The researchers already knew they'd need to stockpile computers and other technical components that might become obsolete, she says. And they knew that at some point, they'd have to pass the baton to the next generation of scientists.
"What they hadn't really considered, and where my expertise came in, was how frequently that has to happen for that to be an expected and normal part of the mission operations and not a major breach or big problem," says Vertesi.
In hospitals, for example, frequent handoffs between shifts mean that doctors and nurses have worked out checklists and other standard procedures to make sure the transition can happen seamlessly. "That's the kind of thing they needed to get good at thinking about and planning for," says Vertesi.
She's led discussions with the researchers to help them sort through this.

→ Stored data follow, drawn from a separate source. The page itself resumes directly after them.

(* Let $0=x_1<\dots<x_N=1$ be a partition of $I=[0,1]$, let $\{q_n\}$ be a sequence in $(0,1]$ with $\lim q_n=1$, and let $\alpha_i$, $i\in\mathbb{N}_{N-1}$, be bounded functions on $I$ with $\|\alpha_i\|_\infty<1$. Let $\{\lambda_i\}_{i\ge1}$ be a sequence of distinct positive real numbers with $\inf_{i\ge1}\lambda_i>0$ and $\sum_{i=1}^\infty\frac1{\lambda_i}=\infty$. Then the set \[ S=\bigcup_{n=1}^\infty\bigcup_{m=1}^\infty\operatorname{span}\{1,(x^{\lambda_1})^{(q_n,\alpha)}_n,\dots,(x^{\lambda_m})^{(q_n,\alpha)}_n\} \] is dense in $C[0,1]$ with respect to the sup-norm.
   Context: For $q\in(0,1]$: $[k]_q=\frac{1-q^k}{1-q}$ ($q\ne1$), $[k]_1=k$, $q$-factorials, $\binom{n}{k}_q=\frac{[n]_q!}{[k]_q![n-k]_q!}$. On $[0,1]$ the quantum MKZ operator is $M_{n,q}h(x)=\prod_{j=0}^n(1-q^jx)\sum_{k\ge0}\binom{n+k}{k}_q x^k h\!\left(\frac{[k]_q}{[k+n]_q}\right)$ for $0\le x<1$, $M_{n,q}h(1)=h(1)$. Let $u_i(x)=a_ix+b_i$ be the affine maps with $u_i(0)=x_i$, $u_i(1)=x_{i+1}$, $i\in\mathbb{N}_{N-1}$. For $h\in C[0,1]$, $h^{(q,\alpha)}_n$ denotes the unique bounded function $G:[0,1]\to\mathbb{R}$ with $G(u_i(x))=h(u_i(x))+\alpha_i(x)(G(x)-M_{n,q}h(x))$ for all $x\in I$, $i\in\mathbb{N}_{N-1}$; $(x^{\lambda})^{(q,\alpha)}_n$ is this function for $h(x)=x^\lambda$. *)

theory Defs
  imports "HOL-Analysis.Analysis"
begin

definition qint :: "real \<Rightarrow> nat \<Rightarrow> real" where
  "qint q k = (if q = 1 then real k else (1 - q ^ k) / (1 - q))"

definition qfact :: "real \<Rightarrow> nat \<Rightarrow> real" where
  "qfact q n = (\<Prod>k=1..n. qint q k)"

definition qbinom :: "real \<Rightarrow> nat \<Rightarrow> nat \<Rightarrow> real" where
  "qbinom q n k = qfact q n / (qfact q k * qfact q (n - k))"

definition MKZ :: "nat \<Rightarrow> real \<Rightarrow> (real \<Rightarrow> real) \<Rightarrow> real \<Rightarrow> real" where
  "MKZ n q h x =
     (if x = 1 then h 1
      else (\<Prod>j=0..n. 1 - q ^ j * x) *
           (\<Sum>k. qbinom q (n + k) k * x ^ k * h (qint q k / qint q (k + n))))"

definition affu :: "(nat \<Rightarrow> real) \<Rightarrow> nat \<Rightarrow> real \<Rightarrow> real" where
  "affu xs i t = (xs (Suc i) - xs i) * t + xs i"

definition fractal ::
  "nat \<Rightarrow> (nat \<Rightarrow> real) \<Rightarrow> (nat \<Rightarrow> real \<Rightarrow> real) \<Rightarrow> nat \<Rightarrow> real \<Rightarrow> (real \<Rightarrow> real) \<Rightarrow> real \<Rightarrow> real"
  where
  "fractal N xs alpha n q h =
     (THE G. bounded (G ` {0..1}) \<and> (\<forall>t. t \<notin> {0..1} \<longrightarrow> G t = 0) \<and>
        (\<forall>i\<in>{1..N-1}. \<forall>t\<in>{0..1}.
           G (affu xs i t) = h (affu xs i t) + alpha i t * (G t - MKZ n q h t)))"

end

(*
  Two approximation steps are combined. By an elementary form of the Muntz theorem, every
  continuous f on [0,1] is a uniform limit of combinations of 1 and the powers t^lam_j:
  an integration trick in the style of Newman gives, for a power t^nu and distinct exponents
  e_k, combinations of t^nu and t^e_1, ..., t^e_n with sup-norm error at most
  prod_k |1 - nu/e_k|, and these products tend to 0 either because sum 1/lam_i diverges or
  because infinitely many lam_i cluster in a bounded interval. Second, M_{n,q_n} h -> h
  uniformly for continuous h, by the estimate |M h - h| <= eps + C x/[n]_q coming from the
  first two moments and [n]_{q_n} -> oo. The fractal function is h + E, where E is the fixed
  point of an affine contraction of ratio c = max |alpha_i| < 1 driven by h - M h, so it lies
  within c/(1-c) ||h - M h|| of h. Hence every t^lam_j is a uniform limit of its fractal
  analogues, and a Muntz combination approximating f can be transferred to the fractal
  functions for large n.
*)
theory Submission
  imports Defs
begin

section \<open>A Muntz theorem on [0,1]\<close>

definition approx_by_span :: "(nat \<Rightarrow> real \<Rightarrow> real) \<Rightarrow> (real \<Rightarrow> real) \<Rightarrow> bool" where
  "approx_by_span b f \<longleftrightarrow> (\<forall>\<epsilon>>0. \<exists>m c. \<forall>t\<in>{0..1}.
      \<bar>f t - (c 0 + (\<Sum>j=1..m. c j * b j t))\<bar> < \<epsilon>)"
lemma max_Ks_free_le:
  assumes "s \<ge> 1"
  shows "max_Ks_free n E s \<le> n"
proof -
  have "\<not> contains_K E {} s" using assms unfolding contains_K_def by auto
  then have "{card W | W. W \<subseteq> {0..<n} \<and> \<not> contains_K E W s} \<noteq> {}" by blast
  then show ?thesis
    unfolding max_Ks_free_def using finite_Ks_free_cards
    by (auto simp: Max_le_iff dest: card_mono[rotated])
qed

lemma f2_attained:
  assumes "s \<ge> 1" and "t \<ge> 2"
  shows "\<exists>E. simple_graph n E \<and> \<not> contains_K E {0..<n} t \<and> f2 s t n = max_Ks_free n E s"
proof -
  define S where "S = {max_Ks_free n E s | E. simple_graph n E \<and> \<not> contains_K E {0..<n} t}"
  have "finite S"
    by (rule finite_subset[of _ "{..n}"]) (use max_Ks_free_le[OF assms(1)] in \<open>auto simp: S_def\<close>)
  moreover have "simple_graph n (\<lambda>_ _. False)" by (simp add: simple_graph_def)
  moreover have "\<not> contains_K (\<lambda>_ _. False) {0..<n} t"
    using indep_not_contains_K assms(2) by (simp add: indep_def)
  ultimately have "Min S \<in> S" unfolding S_def by (intro Min_in) auto
  then show ?thesis unfolding S_def f2_def by auto
qed

lemma f2_ge_at_large_degree:
  fixes D :: real
  assumes "s \<ge> 2" and large: "large_degree s D"
    and D: "D\<^sup>2 \<le> 4 * real n * ln D / ln (ln D)"
  shows "D / (288 * s) \<le> f2 s (Suc s) n"
proof -
  obtain E where E: "simple_graph n E" "\<not> contains_K E {0..<n} (Suc s)"
    "f2 s (Suc s) n = max_Ks_free n E s"
    using f2_attained[of s "Suc s" n] \<open>s \<ge> 2\<close> by auto
  obtain W where W: "W \<subseteq> {0..<n}" "\<not> contains_K E W s"
    "D \<le> card W \<or> n * occupancy s D \<le> 2 * D * card W"
    using exists_large_Ks_free_set[OF E(1,2) \<open>s \<ge> 2\<close> large] by blast
  have pos: "0 < D" "0 < ln (ln D)" using large unfolding large_degree_def Let_def by auto
  have "D / (288 * s) \<le> card W"
    using W(3)
  proof
    assume "D \<le> card W"
    moreover have "D / (288 * s) \<le> D" using pos \<open>s \<ge> 2\<close> by (simp add: field_simps)
    ultimately show ?thesis by linarith
  next
    assume W3: "n * occupancy s D \<le> 2 * D * card W"
    have "D * D \<le> 4 * (n * ln D / ln (ln D))" using D by (simp add: power2_eq_square)
    then have "D * D / (144 * s) \<le> 4 * (n * ln D / ln (ln D)) / (144 * s)"
      using \<open>s \<ge> 2\<close> by (intro divide_right_mono) auto
    also have "\<dots> = n * occupancy s D" by (simp add: occupancy_def)
    finally have "D * D / (144 * s) \<le> 2 * D * card W" using W3 by linarith
    have "D * (D / (288 * s)) = D * D / (144 * s) / 2" by simp
    also have "\<dots> \<le> 2 * D * card W / 2"
      using \<open>D * D / (144 * s) \<le> 2 * D * card W\<close> by (rule divide_right_mono) simp
    finally have "D * (D / (288 * s)) \<le> D * card W" by simp
    then show ?thesis using pos(1) by (rule mult_left_le_imp_le)
  qed
  also have "\<dots> \<le> f2 s (Suc s) n" using card_le_max_Ks_free[OF W(1,2)] E(3) by simp
  finally show ?thesis .
qed

section \<open>Asymptotics\<close>

lemma eventually_large_degree: "eventually (large_degree s) at_top"
proof -
  have "eventually (\<lambda>L::real. 1 \<le> ln L \<and> 2 ^ s \<le> L \<and> 5184 * s\<^sup>2 \<le> L \<and>
      L / 4 + 2 \<le> L - ln 2 - ln L \<and> L * (L + 1) / 12 + 2 \<le> L\<^sup>2 / 4) at_top"
    by (intro eventually_conj eventually_ge_at_top; real_asymp)
  then have "eventually (\<lambda>D. 1 \<le> ln (ln D) \<and> 2 ^ s \<le> ln D \<and> 5184 * s\<^sup>2 \<le> ln D \<and>
      ln D / 4 + 2 \<le> ln D - ln 2 - ln (ln D) \<and> ln D * (ln D + 1) / 12 + 2 \<le> (ln D)\<^sup>2 / 4) at_top"
    by (rule eventually_compose_filterlim[OF _ ln_at_top])
  moreover have "eventually (\<lambda>D::real. 0 < D \<and> 2 * ln D \<le> D) at_top"
    by (intro eventually_conj; real_asymp)
  ultimately show ?thesis unfolding large_degree_def Let_def by eventually_elim auto
qed

theorem mainTheorem3:
  fixes s :: nat
  assumes "s \<ge> 3"
  shows "\<exists>c::real. c > 0 \<and> (\<exists>N. \<forall>n\<ge>N.
           real (f2 s (s + 1) n) \<ge> c * sqrt (real n * ln (real n) / ln (ln (real n))))"
proof -
  define D where "D x = sqrt (x * ln x / ln (ln x))" for x :: real
  have "filterlim D at_top at_top" unfolding D_def by real_asymp
  then have "eventually (\<lambda>x. large_degree s (D x)) at_top"
    by (rule eventually_compose_filterlim[OF eventually_large_degree])
  moreover have "eventually (\<lambda>x. (D x)\<^sup>2 \<le> 4 * x * ln (D x) / ln (ln (D x))) at_top"
    unfolding D_def by real_asymp
  ultimately have "eventually (\<lambda>n. large_degree s (D (real n)) \<and>
      (D (real n))\<^sup>2 \<le> 4 * real n * ln (D (real n)) / ln (ln (D (real n)))) sequentially"
    by (intro eventually_compose_filterlim[OF _ filterlim_real_sequentially] eventually_conj)
  then obtain N where N: "\<And>n. n \<ge> N \<Longrightarrow> D (real n) / (288 * s) \<le> f2 s (Suc s) n"
    using f2_ge_at_large_degree[of s] assms unfolding eventually_sequentially by auto
  show ?thesis
  proof (intro exI[of _ "1 / (288 * real s)"] conjI exI[of _ N] allI impI)
    show "0 < 1 / (288 * real s)" using assms by simp
    fix n assume "N \<le> n"
    then show "1 / (288 * real s) * sqrt (real n * ln (real n) / ln (ln (real n)))
        \<le> real (f2 s (s + 1) n)"
      using N[of n] unfolding D_def by simp
  qed
qed

end
(* Let $(X,r)$ be a non-degenerate involutive set-theoretic solution of the Yang–Baxter equation with $|X|=n$, identified with $\{1,\dots,n\}$, and let $(\mathcal{X}^2,\tilde r)$ be the induced pair. Then, for every natural number $k\ge 1$, there exists a non-degenerate involutive set-theoretic solution of size $n^{2^k}$ induced from $(X,r)$, namely the one obtained by applying the construction $(X,r)\mapsto(\mathcal{X}^2,\tilde r)$ iteratively $k$ times. Furthermore: (i) if $(X,r)$ is irretractable, resp. a multipermutation solution of level $\ell$, then $(\mathcal{X}^2,\tilde r)$ is irretractable, resp. a multipermutation solution of level $\ell$; (ii) if $(X,r)$ is decomposable, then $(\mathcal{X}^2,\tilde r)$ is decomposable; (iii) if $(X,r)$ is of class $m$, then $(\mathcal{X}^2,\tilde r)$ is of class $m$. Assume moreover that $(X,r)$ is indecomposable and satisfies condition $(\mathfrak{C})$: there exists a natural number $\ell$ such that for every $1\le s\le n$ there exist $1\le i_1,\dots,i_\ell\le n$ with $\sigma_{i_1}\sigma_{i_2}\cdots\sigma_{i_\ell}(1)=s$. Then $(\mathcal{X}^2,\tilde r)$ is also indecomposable and satisfies condition $(\mathfrak{C})$ (with respect to its own permutations $g_i^k$ and the element $T_1^1$ in place of $1$). Moreover, the process can be repeated iteratively to obtain indecomposable solutions of size $n^{2^k}$ for every natural number $k\ge1$.
   Context: A set-theoretic solution of the Yang–Baxter equation is a pair $(X,r)$ with $X$ a set and $r:X\times X\to X\times X$, written $r(x,y)=(\sigma_x(y),\gamma_y(x))$, such that $r^{12}r^{23}r^{12}=r^{23}r^{12}r^{23}$ on $X^3$, where $r^{12}=r\times \mathrm{Id}_X$, $r^{23}=\mathrm{Id}_X\times r$. It is non-degenerate if all $\sigma_x,\gamma_x$ are bijections of $X$, and involutive if $r\circ r=\mathrm{Id}_{X\times X}$. For $|X|=n$ we identify $X$ with $\{1,\dots,n\}$, so the $\sigma_i,\gamma_j$ are permutations of $\{1,\dots,n\}$. Induced pair: $\mathcal{X}^2=\{T_i^k: 1\le i,k\le n\}$ is a set of $n^2$ symbols in bijection with $X\times X$, and $\tilde r:\mathcal{X}^2\times\mathcal{X}^2\to\mathcal{X}^2\times\mathcal{X}^2$ is $\tilde r(T_i^k,T_j^l)=(T_{\sigma_i(j)}^{\sigma_k(l)},T_{\gamma_j(i)}^{\gamma_l(k)})$; we write $g_i^k(T_j^l)=T_{\sigma_i(j)}^{\sigma_k(l)}$ and $f_j^l(T_i^k)=T_{\gamma_j(i)}^{\gamma_l(k)}$, so $\tilde r(T_i^k,T_j^l)=(g_i^k(T_j^l),f_j^l(T_i^k))$. A subset $Y\subseteq X$ is invariant if $r(Y\times Y)\subseteq Y\times Y$, and non-degenerate invariant if moreover $(Y,r|_{Y^2})$ is a non-degenerate involutive solution; $(X,r)$ is decomposable if $X$ is the union of two non-empty disjoint non-degenerate invariant subsets, and indecomposable otherwise. Retraction: $x\sim y$ iff $\sigma_x=\sigma_y$; $\mathrm{Ret}(X,r)=(X/\!\sim, r')$ with $r'([x],[y])=([\sigma_x(y)],[\gamma_y(x)])$, and $\mathrm{Ret}^k=\mathrm{Ret}(\mathrm{Ret}^{k-1})$. $(X,r)$ is a multipermutation solution of level $\ell$ if $\ell$ is the smallest natural number with $|\mathrm{Ret}^\ell(X,r)|=1$; if such $\ell$ exists $(X,r)$ is retractable, otherwise irretractable. Class: with $D(x)=\sigma_x^{-1}(x)$, $(X,r)$ is of class $m$ if $m$ is the minimal natural number such that $\sigma_x\sigma_{D(x)}\sigma_{D^2(x)}\cdots\sigma_{D^{m-1}(x)}=\mathrm{Id}_X$ for every $x\in X$. *)

theory Defs
  imports Main
begin
lemma finite_span_Un_subset:
  assumes "finite X" "X \<subseteq> vs.span (T \<union> W)"
  obtains W' where "finite W'" "W' \<subseteq> W" "X \<subseteq> vs.span (T \<union> W')"
  using assms
proof (induction X arbitrary: thesis rule: finite_induct)
  case empty
  then show ?case by blast
next
  case (insert x Y)
  then obtain W1 where W1: "finite W1" "W1 \<subseteq> W" "Y \<subseteq> vs.span (T \<union> W1)" by auto
  have "x \<in> vs.span (T \<union> W)" using insert.prems by auto
  then obtain S u where S: "finite S" "S \<subseteq> T \<union> W" "x = (\<Sum>a\<in>S. sc (u a) a)"
    unfolding vs.span_explicit by auto
  have "x \<in> vs.span (T \<union> (W1 \<union> (S \<inter> W)))"
    unfolding S(3) by (intro vs.span_sum vs.span_scale vs.span_base) (use S in auto)
  moreover have "Y \<subseteq> vs.span (T \<union> (W1 \<union> (S \<inter> W)))"
    using W1(3) vs.span_mono[of "T \<union> W1" "T \<union> (W1 \<union> (S \<inter> W))"] by auto
  ultimately show ?case
    using W1 S by (intro insert.prems(1)[of "W1 \<union> (S \<inter> W)"]) auto
qed

(* Extend X by a basis of the finitely many vectors of W that are needed, then use the exchange
   lemma. *)
lemma indep_mod_card_le:
  fixes X :: "('i \<Rightarrow> 'a::field) set"
  assumes fX: "finite X" and ind: "indep_mod W X" and fT: "finite T"
    and sub: "X \<subseteq> vs.span (T \<union> W)"
  shows "card X \<le> card T"
proof -
  obtain W' where W': "finite W'" "W' \<subseteq> W" "X \<subseteq> vs.span (T \<union> W')"
    using finite_span_Un_subset[OF fX sub] .
  obtain B where B: "B \<subseteq> W'" "vs.independent B" "W' \<subseteq> vs.span B"
    using vs.maximal_independent_subset by blast
  have fB: "finite B" using B W' finite_subset by blast
  have BW: "vs.span B \<subseteq> span_of W"
    using B W' vs.span_mono unfolding span_of_eq_span by blast
  have disj: "X \<inter> B = {}"
    using indep_mod_not_in_span[OF ind] B(1) W'(2) vs.span_superset[of W]
    unfolding span_of_eq_span by blast
  have "\<not> vs.dependent (X \<union> B)"
  proof
    assume "vs.dependent (X \<union> B)"
    then obtain u where u: "\<exists>v\<in>X \<union> B. u v \<noteq> 0" "(\<Sum>v\<in>X \<union> B. sc (u v) v) = 0"
      using vs.dependent_finite[of "X \<union> B"] fX fB by auto
    have split: "(\<Sum>v\<in>X \<union> B. sc (u v) v) = (\<Sum>v\<in>X. sc (u v) v) + (\<Sum>v\<in>B. sc (u v) v)"
      using disj fX fB by (simp add: sum.union_disjoint)
    have "(\<Sum>v\<in>X. sc (u v) v) = - (\<Sum>v\<in>B. sc (u v) v)"
      using u(2) split by (simp add: eq_neg_iff_add_eq_0)
    also have "\<dots> \<in> vs.span B"
      by (intro vs.span_neg vs.span_sum vs.span_scale vs.span_base) auto
    finally have "(\<Sum>v\<in>X. sc (u v) v) \<in> span_of W"
      using BW by blast
    then have uX: "\<forall>v\<in>X. u v = 0"
      using ind[unfolded indep_mod_def, rule_format, OF fX subset_refl] by blast
    then have "(\<Sum>v\<in>B. sc (u v) v) = 0" using u(2) split by simp
    then have "\<forall>v\<in>B. u v = 0" using B(2) fB vs.dependent_finite[of B] by auto
    with uX u(1) show False by auto
  qed
  moreover have "X \<union> B \<subseteq> vs.span (T \<union> B)"
  proof -
    have "T \<union> W' \<subseteq> vs.span (T \<union> B)"
      using B(3) vs.span_mono[of B "T \<union> B"] vs.span_superset[of "T \<union> B"] by auto
    then have "vs.span (T \<union> W') \<subseteq> vs.span (T \<union> B)"
      using vs.span_minimal vs.subspace_span by blast
    then show ?thesis using W'(3) vs.span_superset[of "T \<union> B"] by auto
  qed
  ultimately have "card (X \<union> B) \<le> card (T \<union> B)"
    using vs.independent_span_bound[of "T \<union> B" "X \<union> B"] fT fB by auto
  also have "\<dots> \<le> card T + card B" by (rule card_Un_le)
  finally show ?thesis using card_Un_disjoint[OF fX fB disj] by linarith
qed
lemma exists_rank_two_peripheral_spectrum_not_singleton:
  assumes std: "standard_operator_algebra \<A>" and A: "bounded_clinear A" and rs: "r + s \<ge> 1"
    and bi: "biorthogonal g1 g2 e1 e2" and det: "compression_det A g1 g2 e1 e2 \<noteq> 0"
    and diagonal: "g1 (A e1) = 0 \<longleftrightarrow> g2 (A e2) = 0"
  shows "\<exists>B\<in>\<A>. rank_le B 2 \<and> \<not> (\<exists>z. peripheral_spectrum ((B ^^ r) \<circ> A \<circ> (B ^^ s)) = {z})"
proof -
  have g1: "bounded_clinear_functional g1" and g2: "bounded_clinear_functional g2"
    using bi unfolding biorthogonal_def by blast+
  have linA: "clinear A" using A bounded_clinear_clinear by blast
  define G11 where "G11 = g1 (A e1)"
  define G12 where "G12 = g1 (A e2)"
  define G21 where "G21 = g2 (A e1)"
  define G22 where "G22 = g2 (A e2)"
  have det_G: "G11 * G22 - G12 * G21 \<noteq> 0"
    using det unfolding compression_det_def G11_def G12_def G21_def G22_def .
  obtain \<alpha> \<beta> where nonzero: "\<alpha> \<noteq> 0" "\<beta> \<noteq> 0"
    and trace_sum: "\<alpha> ^ (r + s) * G11 + \<beta> ^ (r + s) * G22 = 0"
    using exists_nonzero_roots_trace_zero[OF rs] diagonal unfolding G11_def G22_def by blast
  define B where "B = diagonal_rank_two \<alpha> \<beta> g1 g2 e1 e2"
  have B_in: "B \<in> \<A>" "rank_le B 2"
    unfolding B_def using diagonal_rank_two_in_standard_operator_algebra[OF std bi] by auto
  have B_pow: "(B ^^ Suc k) x = lincomb2 (\<alpha> ^ Suc k * g1 x) (\<beta> ^ Suc k * g2 x) e1 e2"
    "(B ^^ k) e1 = lincomb2 (\<alpha> ^ k) 0 e1 e2" "(B ^^ k) e2 = lincomb2 0 (\<beta> ^ k) e1 e2" for k x
    unfolding B_def using funpow_diagonal_rank_two[OF bi] by auto
  define T where "T = (B ^^ r) \<circ> A \<circ> (B ^^ s)"
  have T: "bounded_clinear T"
    using std B_in(1) unfolding T_def standard_operator_algebra_def
    by (metis bounded_clinear_comp bounded_clinear_funpow A)
  have trace: "\<alpha> ^ r * \<alpha> ^ s * G11 + \<beta> ^ r * \<beta> ^ s * G22 = 0"
    using trace_sum by (simp add: power_add)
  note g_lincomb = bounded_clinear_functional_lincomb2[OF g1] bounded_clinear_functional_lincomb2[OF g2]
  have "\<not> (\<exists>z. peripheral_spectrum T = {z})"
    \<comment> \<open>the invariant plane containing the range is span {A e1, A e2} if r = 0,
      and span {e1, e2} otherwise\<close>
  proof (cases r)
    case 0
    then obtain s' where s: "s = Suc s'" using rs by (cases s) auto
    have T_x: "T x = lincomb2 (\<alpha> ^ s * g1 x) (\<beta> ^ s * g2 x) (A e1) (A e2)" for x
    proof -
      have "T x = A ((B ^^ Suc s') x)" unfolding T_def 0 s by simp
      also have "\<dots> = lincomb2 (\<alpha> ^ s * g1 x) (\<beta> ^ s * g2 x) (A e1) (A e2)"
        unfolding B_pow(1) clinear_lincomb2[OF linA] s ..
      finally show ?thesis .
    qed
    have "cindependent (A e1) (A e2)" using cindependent_if_compression_det[OF g1 g2 det] .
    moreover have "\<exists>c d. T x = lincomb2 c d (A e1) (A e2)" for x using T_x by blast
    moreover have "T (A e1) = lincomb2 (\<alpha> ^ s * 1 * G11) (\<beta> ^ s * 1 * G21) (A e1) (A e2)"
      "T (A e2) = lincomb2 (\<alpha> ^ s * 1 * G12) (\<beta> ^ s * 1 * G22) (A e1) (A e2)"
      unfolding T_x G11_def G12_def G21_def G22_def by simp_all
    moreover have "\<alpha> ^ s * 1 * G11 + \<beta> ^ s * 1 * G22 = 0" using trace 0 by simp
    moreover have "\<alpha> ^ s * \<beta> ^ s * 1 * 1 \<noteq> 0" using nonzero by simp
    ultimately show ?thesis using peripheral_spectrum_not_singleton_scaled_matrix[OF T] det_G
      by blast
  next
    case (Suc r')
    have T_x: "T x = lincomb2 (\<alpha> ^ r * g1 (A ((B ^^ s) x))) (\<beta> ^ r * g2 (A ((B ^^ s) x))) e1 e2"
      for x unfolding T_def Suc comp_apply B_pow(1) ..
    have "compression_det (\<lambda>x. x) g1 g2 e1 e2 = 1"
      using bi unfolding biorthogonal_def compression_det_def by simp
    then have "cindependent e1 e2"
      using cindependent_if_compression_det[OF g1 g2, of "\<lambda>x. x"] by simp
    moreover have "\<exists>c d. T x = lincomb2 c d e1 e2" for x using T_x by blast
    moreover have "T e1 = lincomb2 (\<alpha> ^ r * \<alpha> ^ s * G11) (\<beta> ^ r * \<alpha> ^ s * G21) e1 e2"
      "T e2 = lincomb2 (\<alpha> ^ r * \<beta> ^ s * G12) (\<beta> ^ r * \<beta> ^ s * G22) e1 e2"
      unfolding T_x B_pow(2,3) clinear_lincomb2[OF linA] g_lincomb
        G11_def G12_def G21_def G22_def by (simp_all add: mult_ac)
    moreover have "\<alpha> ^ r * \<beta> ^ r * \<alpha> ^ s * \<beta> ^ s \<noteq> 0" using nonzero by simp
    ultimately show ?thesis
      using peripheral_spectrum_not_singleton_scaled_matrix[OF T] trace det_G by blast
  qed
  then show ?thesis using B_in unfolding T_def by blast
qed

Astronomer Carey Lisse, who is working on the interstellar probe study, said these sessions were "very blunt and made us think a lot."
He's done the math. "I will be 75 in 2036 when we launch. That means that I know I'm not going to be on this mission probably for more than 10 years after launch," says Lisse, adding that the need for handovers is just a fact. "This isn't just theory or just talk. It's going to happen multiple times, probably two or three times at least."
It's challenging to anticipate how the program will need to change over time, says Paul, and to look forward to "what the demographics of the science community, the engineering community, and the whole world is going to look like, so that this is a program for them, and not for us."
Ocker, who doesn't even have a Ph.D. yet, points out that she'll be late in her career by the time this probe reaches interstellar space, if NASA decides to support it and if it launches in the 2030s. "I'm very hopeful that this mission will happen. I really hope it does, in which case I'll be very excited to use the data when it does eventually come down," she says.
She'd also love for it to carry some kind of contemporary take on the Golden Records, the phonograph albums carried by the Voyager probes to share greetings and Earth sounds with any aliens who might stumble across them out there in interstellar space.
"I don't think we should try to copy the Golden Record," she says, "but I think it would be really amazing to have a similar kind of public outreach piece that plays an important part in the mission."